A concession agreement is an agreement between a government and a private company (the "concessionaire"), in which the government transfers to the company the right to maintain, produce, or provide a good or service within the country for a limited period of time, but the government retains ultimate ownership of the right. (3) A substantial number of these agreements signed between the governments of developing countries and foreign corporations have recently failed, across many different subject matters and geographic areas. (4) In the water industry alone, at least seven major concession agreements have collapsed in the last decade. (5) Some experts estimate that as many as fifty percent of all concession agreements signed since the mid-1980s have been renegotiated or cancelled. (6) This Note seeks to aid the understanding of why these concession agreements break down. It argues that concession agreements fail because their governmental function clashes with their private method and venue of creation.

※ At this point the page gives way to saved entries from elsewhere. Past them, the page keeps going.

(* Let $M$ be an $\widehat{\mathrm{FI}}$-module with generation degree $\le a$. Then $\Sigma^{a+2}M$ is an $\mathrm{FI}$-module.
   Context: $\widehat{\mathrm S}_n=\{(\sigma,d)\in\mathrm S_n\times\mathbb Z: d\text{ odd}\iff\operatorname{sgn}\sigma=-1\}$ ($n\ge2$; trivial for $n=0,1$). $\widehat{\mathrm{FI}}$: objects $n\in\mathbb N$, $\widehat{\mathrm{FI}}(n,m)=\widehat{\mathrm S}_m/i_2(\widehat{\mathrm S}_{m-n})$ ($i_1,i_2$ inclusions on first/last letters), composition $([s],[t])\mapsto[t\,i_1(s)]$; it carries a monoidal structure with $n\oplus m=n+m$, defined on morphisms via $i_1,i_2$ and a braiding coming from $\mathrm{Br}_n\to\widehat{\mathrm S}_n$, $\sigma_{i,i+1}\mapsto((i\ i{+}1),1)$; on automorphisms, $-\oplus 1$ is $i_1:\widehat{\mathrm S}_n\to\widehat{\mathrm S}_{n+1}$. $\Sigma M$ is the restriction of $M$ along $-\oplus1$, so $(\Sigma M)_n=M_{n+1}$. Generation degree $\le a$: $M$ is a quotient of $\mathbf I(W)$, $\mathbf I(W)_m=\bigoplus_{n\le m}\mathbb Z[\widehat{\mathrm{FI}}(n,m)]\otimes_{\mathbb Z\widehat{\mathrm S}_n}W_n$, with $W_n=0$ for $n>a$. An $\widehat{\mathrm{FI}}$-module is an $\mathrm{FI}$-module if it factors through $\widehat{\mathrm{FI}}\to\mathrm{FI}$ (induced by $\widehat{\mathrm S}_m\to\mathrm S_m$). *)

theory Defs
  imports "HOL-Combinatorics.Permutations"
begin

text \<open>Elements of the groups S^_n are encoded as pairs (sigma, d), where sigma is a
  permutation of {0..<n} (identity outside) and d is an integer.\<close>

type_synonym shat = "(nat \<Rightarrow> nat) \<times> int"

definition Shat :: "nat \<Rightarrow> shat set" where
  "Shat n = (if n \<le> 1 then {(id, 0)}
             else {(\<sigma>, d). \<sigma> permutes {..<n} \<and> (odd d \<longleftrightarrow> sign \<sigma> = -1)})"

definition hmult :: "shat \<Rightarrow> shat \<Rightarrow> shat" where
  "hmult s t = (fst s \<circ> fst t, snd s + snd t)"

text \<open>i_1 : S^_n -> S^_m (first letters) is the identity on this encoding.
  i_2 : S^_k -> S^_m (last letters, k <= m):\<close>

definition i2 :: "nat \<Rightarrow> nat \<Rightarrow> shat \<Rightarrow> shat" where
  "i2 m k s = ((\<lambda>i. if i < m - k then i else fst s (i - (m - k)) + (m - k)), snd s)"

text \<open>The left coset s * i_2(S^_{m-n}) in S^_m, i.e. the morphism [s] : n -> m.\<close>

definition hcoset :: "nat \<Rightarrow> nat \<Rightarrow> shat \<Rightarrow> shat set" where
  "hcoset m n s = {hmult s (i2 m (m - n) h) | h. h \<in> Shat (m - n)}"

definition FIhat :: "nat \<Rightarrow> nat \<Rightarrow> shat set set" where
  "FIhat n m = (if n \<le> m then {hcoset m n s | s. s \<in> Shat m} else {})"

text \<open>An FI^-module: abelian groups V n (subgroups of an ambient abelian group type)
  and additive maps F n m f : V n -> V m for f in FI^(n,m), functorial, where the composite
  of [s] : n -> m and [t] : m -> l is [t i_1(s)].\<close>

definition FIhat_module ::
  "(nat \<Rightarrow> 'v::ab_group_add set) \<Rightarrow> (nat \<Rightarrow> nat \<Rightarrow> shat set \<Rightarrow> 'v \<Rightarrow> 'v) \<Rightarrow> bool" where
  "FIhat_module V F \<longleftrightarrow>
     (\<forall>n. 0 \<in> V n \<and> (\<forall>x\<in>V n. \<forall>y\<in>V n. x + y \<in> V n) \<and> (\<forall>x\<in>V n. - x \<in> V n)) \<and>
     (\<forall>n m f. f \<in> FIhat n m \<longrightarrow>
        (\<forall>x\<in>V n. F n m f x \<in> V m) \<and>
        (\<forall>x\<in>V n. \<forall>y\<in>V n. F n m f (x + y) = F n m f x + F n m f y)) \<and>
     (\<forall>n. \<forall>x\<in>V n. F n n (hcoset n n (id, 0)) x = x) \<and>
     (\<forall>n m l f g s t. f \<in> FIhat n m \<longrightarrow> g \<in> FIhat m l \<longrightarrow> s \<in> f \<longrightarrow> t \<in> g \<longrightarrow>
        (\<forall>x\<in>V n. F n l (hcoset l n (hmult t s)) x = F m l g (F n m f x)))"

definition zspan :: "'v::ab_group_add set \<Rightarrow> 'v set" where
  "zspan S = \<Inter>{H. S \<subseteq> H \<and> 0 \<in> H \<and> (\<forall>x\<in>H. \<forall>y\<in>H. x + y \<in> H) \<and> (\<forall>x\<in>H. - x \<in> H)}"

text \<open>Generation degree <= a: every V m is generated by images of elements of degree <= a
  (equivalently, M is a quotient of some I(W) with W_n = 0 for n > a).\<close>

definition gen_degree_le ::
  "(nat \<Rightarrow> 'v::ab_group_add set) \<Rightarrow> (nat \<Rightarrow> nat \<Rightarrow> shat set \<Rightarrow> 'v \<Rightarrow> 'v) \<Rightarrow> nat \<Rightarrow> bool" where
  "gen_degree_le V F a \<longleftrightarrow>
     (\<forall>m. V m \<subseteq> zspan {F n m f x | n f x. n \<le> a \<and> f \<in> FIhat n m \<and> x \<in> V n})"

text \<open>The functor - \<oplus> 1 on morphisms: for [s] : n -> m, [s] \<oplus> id_1 = [i_1(s) (id_n \<oplus> b)]
  where b in S^_{m-n+1} is the image of the braid passing the last strand over the m-n
  strands (permutation cyc n m, degree m - n).\<close>

definition cyc :: "nat \<Rightarrow> nat \<Rightarrow> nat \<Rightarrow> nat" where
  "cyc n m i = (if i = n then m else if n < i \<and> i \<le> m then i - 1 else i)"

definition oplus1 :: "nat \<Rightarrow> nat \<Rightarrow> shat set \<Rightarrow> shat set" where
  "oplus1 n m f = (let s = (SOME s. s \<in> f) in
     hcoset (Suc m) (Suc n) (fst s \<circ> cyc n m, snd s + int (m - n)))"

fun oplusk :: "nat \<Rightarrow> nat \<Rightarrow> nat \<Rightarrow> shat set \<Rightarrow> shat set" where
  "oplusk 0 n m f = f"
| "oplusk (Suc k) n m f = oplus1 (n + k) (m + k) (oplusk k n m f)"

definition SigmaV :: "nat \<Rightarrow> (nat \<Rightarrow> 'v set) \<Rightarrow> nat \<Rightarrow> 'v set" where
  "SigmaV k V = (\<lambda>n. V (n + k))"

definition SigmaF :: "nat \<Rightarrow> (nat \<Rightarrow> nat \<Rightarrow> shat set \<Rightarrow> 'v \<Rightarrow> 'v) \<Rightarrow> nat \<Rightarrow> nat \<Rightarrow> shat set \<Rightarrow> 'v \<Rightarrow> 'v" where
  "SigmaF k F = (\<lambda>n m f. F (n + k) (m + k) (oplusk k n m f))"

text \<open>An FI^-module is an FI-module if it factors through FI^ -> FI, which sends the coset
  [s] in S^_m / i_2(S^_{m-n}) to its image (fst ` [s]) in S_m / S_{m-n}.\<close>

definition is_FI_module ::
  "(nat \<Rightarrow> 'v::ab_group_add set) \<Rightarrow> (nat \<Rightarrow> nat \<Rightarrow> shat set \<Rightarrow> 'v \<Rightarrow> 'v) \<Rightarrow> bool" where
  "is_FI_module V F \<longleftrightarrow> FIhat_module V F \<and>
     (\<exists>N. \<forall>n m f. f \<in> FIhat n m \<longrightarrow> (\<forall>x\<in>V n. F n m f x = N n m (fst ` f) x))"

end

theory Submission
  imports Defs
begin

(* The kernel of S^_m -> S_m consists of the central elements z = (id, 2j). Hence two
  morphisms n -> m of FI^ with the same image in FI are [s] and [s z]; applying - \<oplus> 1
  any number of times keeps them in this relation, so Sigma^k of the second one is Sigma^k
  of the first one precomposed with the automorphism z of n + k.
  It remains to see that z acts trivially on M_p for p >= a + 2. The fixed points of z form
  a subgroup of M_p, and M_p is generated by the images of morphisms [u] : q -> p with
  q <= a. Since p - q >= 2, z = i_2(z) lies in i_2(S^_(p-q)) (this fails for p - q <= 1, as
  S^_0 and S^_1 are trivial), so z [u] = [z u] = [u i_2(z)] = [u]. *)

definition shift_perm :: "nat \<Rightarrow> (nat \<Rightarrow> nat) \<Rightarrow> nat \<Rightarrow> nat" where
  "shift_perm c h = (\<lambda>i. if i < c then i else h (i - c) + c)"

lemma i2_eq_shift_perm: "i2 m k s = (shift_perm (m - k) (fst s), snd s)"
  by (simp add: i2_def shift_perm_def)

lemma shift_perm_id [simp]: "shift_perm c id = id"
  by (auto simp: shift_perm_def fun_eq_iff)

lemma shift_perm_permutes:
  assumes h: "h permutes {..<k}"
  shows "shift_perm c h permutes {..<c + k}"
proof (rule bij_imp_permutes)
  show "shift_perm c h x = x" if "x \<notin> {..<c + k}" for x
    using that permutes_not_in[OF h, of "x - c"] by (auto simp: shift_perm_def)
  have img: "h i < k" if "i < k" for i
    using permutes_in_image[OF h] that by auto
  have "inj_on (shift_perm c h) {..<c + k}"
  proof (rule inj_onI)
    fix x y assume "x \<in> {..<c + k}" "y \<in> {..<c + k}" "shift_perm c h x = shift_perm c h y"
    moreover have "h (x - c) = h (y - c) \<Longrightarrow> x - c = y - c"
      using permutes_inj[OF h] by (simp add: inj_eq)
    ultimately show "x = y"
      unfolding shift_perm_def by (auto split: if_splits)
  qed
  moreover have "shift_perm c h ` {..<c + k} \<subseteq> {..<c + k}"
    using img by (auto simp: shift_perm_def)
  ultimately show "bij_betw (shift_perm c h) {..<c + k} {..<c + k}"
    by (simp add: bij_betw_def endo_inj_surj)
qed

lemma swapidseq_shift_perm: "swapidseq n p \<Longrightarrow> swapidseq n (shift_perm c p)"
proof (induction rule: swapidseq.induct)
  case id
  then show ?case by (simp add: id_def [symmetric])
next
  case (comp_Suc n p a b)
  have "shift_perm c (transpose a b \<circ> p) = transpose (a + c) (b + c) \<circ> shift_perm c p"
    by (auto simp: shift_perm_def fun_eq_iff transpose_def)
  moreover have "swapidseq (Suc n) (transpose (a + c) (b + c) \<circ> shift_perm c p)"
    using comp_Suc by (intro swapidseq.comp_Suc) auto
  ultimately show ?case
    by (simp only: comp_def)
qed

lemma sign_shift_perm: "permutation p \<Longrightarrow> sign (shift_perm c p) = sign p"
  unfolding permutation_def sign_def by (metis evenperm_unique swapidseq_shift_perm)

lemma hmult_assoc: "hmult (hmult s t) u = hmult s (hmult t u)"
  by (simp add: hmult_def comp_assoc add.assoc)

lemma hmult_id [simp]: "hmult s (id, 0) = s" "hmult (id, 0) s = s"
  by (simp_all add: hmult_def)

definition hinv :: "shat \<Rightarrow> shat" where
  "hinv s = (inv (fst s), - snd s)"

lemma Shat_id [simp]: "(id, 0) \<in> Shat k"
  by (simp add: Shat_def)

lemma Shat_trivial: "k \<le> 1 \<Longrightarrow> s \<in> Shat k \<longleftrightarrow> s = (id, 0)"
  by (auto simp: Shat_def)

In their regulatory, proprietary, and administrative capacities, governments perform a variety of functions, not all of which qualify as public policy creation. Under the rubric I set forth, a government creates public policy when it addresses a subject matter that the populace views as properly a matter of public concern, and when its actions are likely to affect broadly the public's well-being. This definition of public policy tracks that found in legal dictionaries (7) and in the work of political scientists Charles L. Cochran (8) and Steven Kelman. (9) Given the breadth of this definition and its mix of both objective and context-specific components, what qualifies as public policy will necessarily vary based on the history and conditions of a given country. (10)

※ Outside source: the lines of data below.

text \<open>Completeness enters here: the partial sums over the finite sets
  \<open>{i. inverse (Suc k) \<le> av (g i)}\<close> form a Cauchy sequence.\<close>
lemma null_family_has_sum_av_ex:
  assumes "null_family av g I" shows "\<exists>L. has_sum_av av g I L"
proof -
  define F where "F k = {i\<in>I. inverse (real (Suc k)) \<le> av (g i)}" for k
  define s where "s k = sum g (F k)" for k
  have finF: "finite (F k)" for k using assms unfolding null_family_def F_def by auto
  have monoF: "F k \<subseteq> F m" if "k \<le> m" for k m
  proof -
    have le: "inverse (real (Suc m)) \<le> inverse (real (Suc k))" using that by (intro le_imp_inverse_le) auto
    show ?thesis unfolding F_def using order_trans[OF le] by blast
  qed
  have close: "av (sum g G - s k) < e"
    if "finite G" "F k \<subseteq> G" "G \<subseteq> I" "inverse (real (Suc k)) < e" for G k e
  proof (rule av_sum_diff_less[of G "F k" e g, folded s_def])
    show "e > 0" using that(4) by (smt (verit) inverse_positive_iff_positive of_nat_0_less_iff zero_less_Suc)
  qed (use that in \<open>auto simp: F_def\<close>)
  have "\<exists>N. \<forall>m\<ge>N. \<forall>n\<ge>N. av (s m - s n) < e" if e: "e > 0" for e
  proof -
    obtain N where N: "inverse (real (Suc N)) < e" using reals_Archimedean[OF e] by blast
    have close_N: "av (s m - s N) < e" if "m \<ge> N" for m
      using close[of "F m" N] finF monoF[OF that] N by (auto simp: s_def F_def)
    have "av (s m - s n) < e" if "m \<ge> N" "n \<ge> N" for m n
      using av_diff_less[OF close_N[OF that(1)] close_N[OF that(2)]] by simp
    thus ?thesis by blast
  qed
  then obtain L where L: "conv_av av s L" using complete unfolding complete_av_def by blast
  have "has_sum_av av g I L"
    unfolding has_sum_av_def
  proof (intro allI impI)
    fix e :: real assume e: "e > 0"
    obtain N1 where N1: "inverse (real (Suc N1)) < e" using reals_Archimedean[OF e] by blast
    obtain N2 where N2: "\<forall>n\<ge>N2. av (s n - L) < e" using L e unfolding conv_av_def by blast
    define N where "N = max N1 N2"
    have "inverse (real (Suc N)) \<le> inverse (real (Suc N1))"
      by (intro le_imp_inverse_le) (auto simp: N_def)
    hence N: "inverse (real (Suc N)) < e" "av (s N - L) < e"
      using N1 N2 by (linarith, simp add: N_def)
    have "av ((sum g G - s N) + (s N - L)) < e" if "finite G" "F N \<subseteq> G" "G \<subseteq> I" for G
      using close[OF that N(1)] N(2) by (intro av_add_less) auto
    thus "\<exists>F'. finite F' \<and> F' \<subseteq> I \<and> (\<forall>G. finite G \<and> F' \<subseteq> G \<and> G \<subseteq> I \<longrightarrow> av (sum g G - L) < e)"
      using finF[of N] by (intro exI[of _ "F N"]) (auto simp: F_def)
  qed
  thus ?thesis by blast
qed

lemma null_family_has_sum_av: "null_family av g I \<Longrightarrow> has_sum_av av g I (infsum_av av g I)"
  using null_family_has_sum_av_ex infsum_av_eqI by blast

lemma null_family_natI:
  fixes c :: "nat \<Rightarrow> 'c"
  assumes "\<And>e. e > 0 \<Longrightarrow> \<exists>N. \<forall>n\<ge>N. av (c n) < e" shows "null_family av c UNIV"
  unfolding null_family_def
proof (intro allI impI)
  fix e :: real assume "e > 0"
  from assms[OF this] obtain N where N: "\<forall>n\<ge>N. av (c n) < e" ..
  have "{n \<in> UNIV. e \<le> av (c n)} \<subseteq> {..<N}"
  proof
    fix n assume "n \<in> {n \<in> UNIV. e \<le> av (c n)}"
    hence ge: "e \<le> av (c n)" by simp
    show "n \<in> {..<N}"
    proof (rule ccontr)
      assume "n \<notin> {..<N}"
      hence "N \<le> n" by (simp add: not_less)
      hence "av (c n) < e" using N by simp
      thus False using ge by simp
    qed
  qed
  thus "finite {n \<in> UNIV. e \<le> av (c n)}" using finite_subset by blast
qed

lemma has_sum_av_imp_sums_av: "has_sum_av av c UNIV L \<Longrightarrow> sums_av av c L"
  unfolding sums_av_def conv_av_def
proof (intro allI impI)
  fix e :: real assume h: "has_sum_av av c UNIV L" and e: "e > 0"
  obtain F where F: "finite F" "F \<subseteq> UNIV"
    "\<And>G. finite G \<Longrightarrow> F \<subseteq> G \<Longrightarrow> G \<subseteq> UNIV \<Longrightarrow> av (sum c G - L) < e"
    using has_sum_avE[OF h e] by blast
  obtain N where N: "F \<subseteq> {..<N}" using F(1) finite_nat_iff_bounded by auto
  have "av ((\<Sum>k<n. c k) - L) < e" if "n \<ge> N" for n
  proof -
    have "F \<subseteq> {..<n}" using N that by auto
    thus ?thesis using F(3)[of "{..<n}"] by simp
  qed
  thus "\<exists>N. \<forall>n\<ge>N. av ((\<Sum>k<n. c k) - L) < e" by blast
qed

lemma sums_av_imp_null_family:
  assumes "sums_av av c L" shows "null_family av c UNIV"
proof (rule null_family_natI)
  fix e :: real assume e: "e > 0"
  obtain N where N: "\<forall>n\<ge>N. av ((\<Sum>k<n. c k) - L) < e"
    using assms e unfolding sums_av_def conv_av_def by blast
  have "av (c n) < e" if "n \<ge> N" for n
  proof -
    have a: "av ((\<Sum>k<Suc n. c k) - L) < e" and b: "av ((\<Sum>k<n. c k) - L) < e"
      using N[rule_format, of "Suc n"] N[rule_format, of n] that by auto
    have "(\<Sum>k<Suc n. c k) - L - ((\<Sum>k<n. c k) - L) = c n" by simp
    thus ?thesis using av_diff_less[OF a b] by metis
  qed
  thus "\<exists>N. \<forall>n\<ge>N. av (c n) < e" by blast
qed

lemma sums_av_imp_has_sum_av:
  assumes "sums_av av c L" shows "has_sum_av av c UNIV L"
proof -
  have h: "has_sum_av av c UNIV (infsum_av av c UNIV)"
    using null_family_has_sum_av[OF sums_av_imp_null_family[OF assms]] .
  have "infsum_av av c UNIV = L"
    using has_sum_av_imp_sums_av[OF h] assms unfolding sums_av_def by (rule conv_av_unique)
  thus ?thesis using h by simp
qed

lemma has_sum_av_cmult_right:
  assumes "has_sum_av av g I L" shows "has_sum_av av (\<lambda>i. c * g i) I (c * L)"
proof (cases "c = 0")
  case True thus ?thesis unfolding has_sum_av_def by auto
next
  case False
  hence c: "av c > 0" by (rule av_pos)
  show ?thesis unfolding has_sum_av_def
  proof (intro allI impI)
    fix e :: real assume "e > 0"
    then obtain F where F: "finite F" "F \<subseteq> I"
      "\<And>G. finite G \<Longrightarrow> F \<subseteq> G \<Longrightarrow> G \<subseteq> I \<Longrightarrow> av (sum g G - L) < e / av c"
      using has_sum_avE[OF assms, of "e / av c"] c by auto
    have "av ((\<Sum>i\<in>G. c * g i) - c * L) < e" if "finite G" "F \<subseteq> G" "G \<subseteq> I" for G
    proof -
      have "(\<Sum>i\<in>G. c * g i) - c * L = c * (sum g G - L)"
        by (simp add: sum_distrib_left right_diff_distrib)
      thus ?thesis using F(3)[OF that] c by (simp add: pos_less_divide_eq mult.commute)
    qed
    thus "\<exists>F. finite F \<and> F \<subseteq> I \<and> (\<forall>G. finite G \<and> F \<subseteq> G \<and> G \<subseteq> I \<longrightarrow> av ((\<Sum>i\<in>G. c * g i) - c * L) < e)"
      using F(1,2) by blast
  qed
qed

lemma null_family_cmult_right:
  assumes "null_family av g I" shows "null_family av (\<lambda>i. c * g i) I"
proof (cases "c = 0")
  case True thus ?thesis unfolding null_family_def by auto
next
  case False
  hence c: "av c > 0" by (rule av_pos)
  have "{i \<in> I. e \<le> av (c * g i)} = {i \<in> I. e / av c \<le> av (g i)}" for e
    using c by (auto simp: pos_divide_le_eq mult.commute)
  thus ?thesis using null_familyD[OF assms] c unfolding null_family_def by simp
qed

lemma null_family_mult_bounded:
  assumes "null_family av g I" "\<And>i. i \<in> I \<Longrightarrow> av (c i) \<le> 1"
  shows "null_family av (\<lambda>i. c i * g i) I"
  unfolding null_family_def
proof (intro allI impI)
  fix e :: real assume "e > 0"
  moreover have "av (c i) * av (g i) \<le> av (g i)" if "i \<in> I" for i
    using assms(2)[OF that] mult_right_mono[of "av (c i)" 1 "av (g i)"] by simp
  hence "{i \<in> I. e \<le> av (c i * g i)} \<subseteq> {i \<in> I. e \<le> av (g i)}"
    by force
  ultimately show "finite {i \<in> I. e \<le> av (c i * g i)}"
    using null_familyD[OF assms(1)] finite_subset by blast
qed

lemma has_sum_av_finite_support:
  assumes "finite F" "F \<subseteq> I" "\<And>i. i \<in> I - F \<Longrightarrow> g i = 0"
  shows "has_sum_av av g I (sum g F)"
  unfolding has_sum_av_def
proof (intro allI impI exI[of _ F] conjI)
  fix e :: real and G assume "e > 0" "finite G \<and> F \<subseteq> G \<and> G \<subseteq> I"
  moreover from this have "sum g G = sum g F"
    using assms(3) by (intro sum.mono_neutral_right) auto
  ultimately show "av (sum g G - sum g F) < e" by simp
qed (use assms in auto)

lemma has_sum_av_finite: "finite I \<Longrightarrow> has_sum_av av g I (sum g I)"
  by (rule has_sum_av_finite_support) auto

lemma infsum_av_finite: "finite I \<Longrightarrow> infsum_av av g I = sum g I"
  using has_sum_av_finite infsum_av_eqI by blast

lemma null_family_finite: "finite I \<Longrightarrow> null_family av g I"
  unfolding null_family_def by auto

lemma null_family_subset:
  assumes "null_family av g I" "J \<subseteq> I" shows "null_family av g J"
proof -
  have "{i \<in> J. e \<le> av (g i)} \<subseteq> {i \<in> I. e \<le> av (g i)}" for e using assms(2) by auto
  thus ?thesis using assms(1) finite_subset unfolding null_family_def by meson
qed

lemma null_family_cong:
  assumes "null_family av g I" "\<And>i. i \<in> I \<Longrightarrow> g i = h i" shows "null_family av h I"
proof -
  have "{i \<in> I. e \<le> av (h i)} = {i \<in> I. e \<le> av (g i)}" for e
    using assms(2) by auto
  thus ?thesis using assms(1) unfolding null_family_def by simp
qed

lemma has_sum_av_cong:
  assumes "has_sum_av av g I L" "\<And>i. i \<in> I \<Longrightarrow> g i = h i" shows "has_sum_av av h I L"
  unfolding has_sum_av_def
proof (intro allI impI)
  fix e :: real assume "e > 0"
  then obtain F where F: "finite F" "F \<subseteq> I"
    "\<And>G. finite G \<Longrightarrow> F \<subseteq> G \<Longrightarrow> G \<subseteq> I \<Longrightarrow> av (sum g G - L) < e"
    using has_sum_avE[OF assms(1)] by blast
  have "sum g G = sum h G" if "G \<subseteq> I" for G
    using that assms(2) by (intro sum.cong) auto
  thus "\<exists>F. finite F \<and> F \<subseteq> I \<and> (\<forall>G. finite G \<and> F \<subseteq> G \<and> G \<subseteq> I \<longrightarrow> av (sum h G - L) < e)"
    using F by (intro exI[of _ F]) auto
qed

lemma has_sum_av_add:
  assumes "has_sum_av av g I A" "has_sum_av av h I B"
  shows "has_sum_av av (\<lambda>i. g i + h i) I (A + B)"
  unfolding has_sum_av_def
proof (intro allI impI)
  fix e :: real assume e: "e > 0"
  obtain F1 where F1: "finite F1" "F1 \<subseteq> I"
    "\<And>G. finite G \<Longrightarrow> F1 \<subseteq> G \<Longrightarrow> G \<subseteq> I \<Longrightarrow> av (sum g G - A) < e"
    using has_sum_avE[OF assms(1) e] by blast
  obtain F2 where F2: "finite F2" "F2 \<subseteq> I"
    "\<And>G. finite G \<Longrightarrow> F2 \<subseteq> G \<Longrightarrow> G \<subseteq> I \<Longrightarrow> av (sum h G - B) < e"
    using has_sum_avE[OF assms(2) e] by blast
  have "av ((\<Sum>i\<in>G. g i + h i) - (A + B)) < e" if "finite G" "F1 \<union> F2 \<subseteq> G" "G \<subseteq> I" for G
  proof -
    have "av ((sum g G - A) + (sum h G - B)) < e"
      using that by (intro av_add_less F1(3) F2(3)) auto
    thus ?thesis by (simp add: sum.distrib algebra_simps)
  qed
  thus "\<exists>F. finite F \<and> F \<subseteq> I \<and> (\<forall>G. finite G \<and> F \<subseteq> G \<and> G \<subseteq> I \<longrightarrow> av ((\<Sum>i\<in>G. g i + h i) - (A + B)) < e)"
    using F1 F2 by (intro exI[of _ "F1 \<union> F2"]) auto
qed

lemma has_sum_av_bound:
  assumes "has_sum_av av g I L" "B \<ge> 0" "\<And>i. i \<in> I \<Longrightarrow> av (g i) \<le> B"
  shows "av L \<le> B"
proof (rule field_le_epsilon)
  fix e :: real assume e: "e > 0"
  obtain F where F: "finite F" "F \<subseteq> I" "av (sum g F - L) < e"
  proof (rule has_sum_avE[OF assms(1) e])
    fix F assume "finite F" "F \<subseteq> I" "\<And>G. finite G \<Longrightarrow> F \<subseteq> G \<Longrightarrow> G \<subseteq> I \<Longrightarrow> av (sum g G - L) < e"
    thus thesis using that by blast
  qed
  have "av (sum g F) \<le> B" using assms(2,3) F(2) by (intro av_sum_le) auto
  moreover have "av L \<le> max (av (sum g F)) (av (sum g F - L))"
    using av_diff_le_max[of "sum g F" "sum g F - L"] by simp
  ultimately show "av L \<le> B + e" using F(3) e assms(2) by linarith
qed

lemma null_family_bounded:
  assumes "null_family av g I" obtains M where "M > 0" "\<And>i. i \<in> I \<Longrightarrow> av (g i) \<le> M"
proof -
  have fin: "finite {i \<in> I. 1 \<le> av (g i)}" using null_familyD[OF assms] by simp
  define M where "M = Max (insert 1 ((\<lambda>i. av (g i)) ` {i \<in> I. 1 \<le> av (g i)}))"
  have "M \<ge> 1" unfolding M_def using fin by simp
  moreover have "av (g i) \<le> M" if "i \<in> I" for i
  proof (cases "1 \<le> av (g i)")
    case True thus ?thesis unfolding M_def using fin that by (intro Max_ge) auto
  next
    case False thus ?thesis using \<open>M \<ge> 1\<close> by linarith
  qed
  ultimately show ?thesis using that by force
qed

In effective governance, the function that the government performs matches the method and venue the government uses. (11) Typically, to create public policy, an efficient government uses a highly visible and transparent venue (for example, a legislature or publicly accessible meeting) and an openly participatory and deliberative method (for example, a bill passage procedure). (12) By contrast, to make a personal deal, two people or groups work in a private venue through the insular method of bilateral negotiation. (13) When a potential conflict arises between the function and the method or venue, an effective government will mediate the conflict through procedural reforms. For example, an American administrative agency (a generally opaque venue) introduces a public notice, comment, and debate period (a more participatory method) when it engages in public policy rule making. (14)

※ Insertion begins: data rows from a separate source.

(* Let $n,k\in\mathbb N$ and $f\in\mathfrak Q_n^k(\mathbb R)$. Then: (a) for all $s,l\in\mathbb Z_{\ge0}$ with $s\le n\vee l$ and $l\le k$, the function $f^{(l)}u^s$ is in $C_0(\mathbb R)$ and has Fourier transform in $L^1(\mathbb R)$; (b) for all $s,l\in\mathbb Z_{\ge0}$ with $s\le n\vee l$ and $l\le k$, the function $(fu^s)^{(l)}$ is in $C_0(\mathbb R)$ and has Fourier transform in $L^1(\mathbb R)$; (c) $\mathfrak Q_n^k(\mathbb R)\subseteq\mathscr W_k(\mathbb R)$.
   Context: $u(x)=x-i$, $u^m$ denotes $x\mapsto(x-i)^m$, $x\vee y=\max\{x,y\}$. $\mathfrak Q_n^k(\mathbb R)$ is the set of $f\in C^k(\mathbb R)$ such that (i) $fu^{2n}$ is bounded and continuous, (ii) $f^{(l)}u^{n+l+1}\in C_0(\mathbb R)$ for $1\le l\le k$, (iii) $f^{(k)}u^{k\vee n}\in C_0(\mathbb R)$ and its Fourier transform is in $L^1(\mathbb R)$. $W_0(\mathbb R)$ is the set of $g\in C_0(\mathbb R)$ with $g(x)=\int e^{ixy}d\mu(y)$ for a finite complex Borel measure $\mu$, and $\mathscr W_k(\mathbb R)=\{f\in C^k(\mathbb R):(fu^p)^{(p)}\in W_0(\mathbb R),\ p=0,\dots,k\}$. *)

theory Defs
  imports "HOL-Analysis.Analysis"
begin

definition vderiv :: "(real \<Rightarrow> complex) \<Rightarrow> (real \<Rightarrow> complex)" where
  "vderiv f = (\<lambda>x. vector_derivative f (at x))"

Part I of this Note explains that governments and concessionaires (that is, the private companies that enter into concession agreements) often conceive of and create concession agreements as traditional bilateral contracts, soliciting, negotiating, and enacting them in an opaque venue and by an opaque method involving only a few high-level government officials, lawyers, and company representatives. Part II shows how the venue and method of concession agreements' creation contribute to the agreements' failures by inducing government officials to make ineffective policies and by exacerbating local opposition to the agreements. Part III argues for reconceptualizing concession agreements as traditional matters of public policy; it then suggests some procedural reforms to eliminate the identified mismatch and thus increase the sustainability and efficiency of concession agreements.
Scholars and advocates have suggested many large-scale substantive changes to concession agreements. This Note does not attempt to address the merits of these suggestions, which include schemes to alter the number or subject matter of concession agreements agreed to by foreign governments, (15) their duration, (16) and the regulatory regimes that should surround them. (17) Instead, this Note provides a novel explanation for concession agreements' failures and sets the groundwork for procedural remedies to enhance their viability.
THE PRIVATE, CONTRACTUAL CREATION OF CONCESSION AGREEMENTS
This Part describes how actors currently create concession agreements as traditional bilateral contracts. It focuses on two aspects of the process-- revention of democratic consideration and insulation from public knowledge.
Governments, concessionaires, and scholars traditionally treat concession agreements as private, bilateral contracts between high-ranking national officials and the concessionaire company. Two aspects of the creation process reveal this approach. First, officials preclude broad, open deliberation at each stage of the creation of concession agreements: they remove initial debate over the agreements from legislative procedure; negotiate the agreements directly with prospective concessionaires; and give the signed agreements the immediate force of law. Second, the parties shield the agreements from public knowledge or influence: they provide the public with limited information about the concessionaire selection process and content of the concession agreements, and limited influence over the result.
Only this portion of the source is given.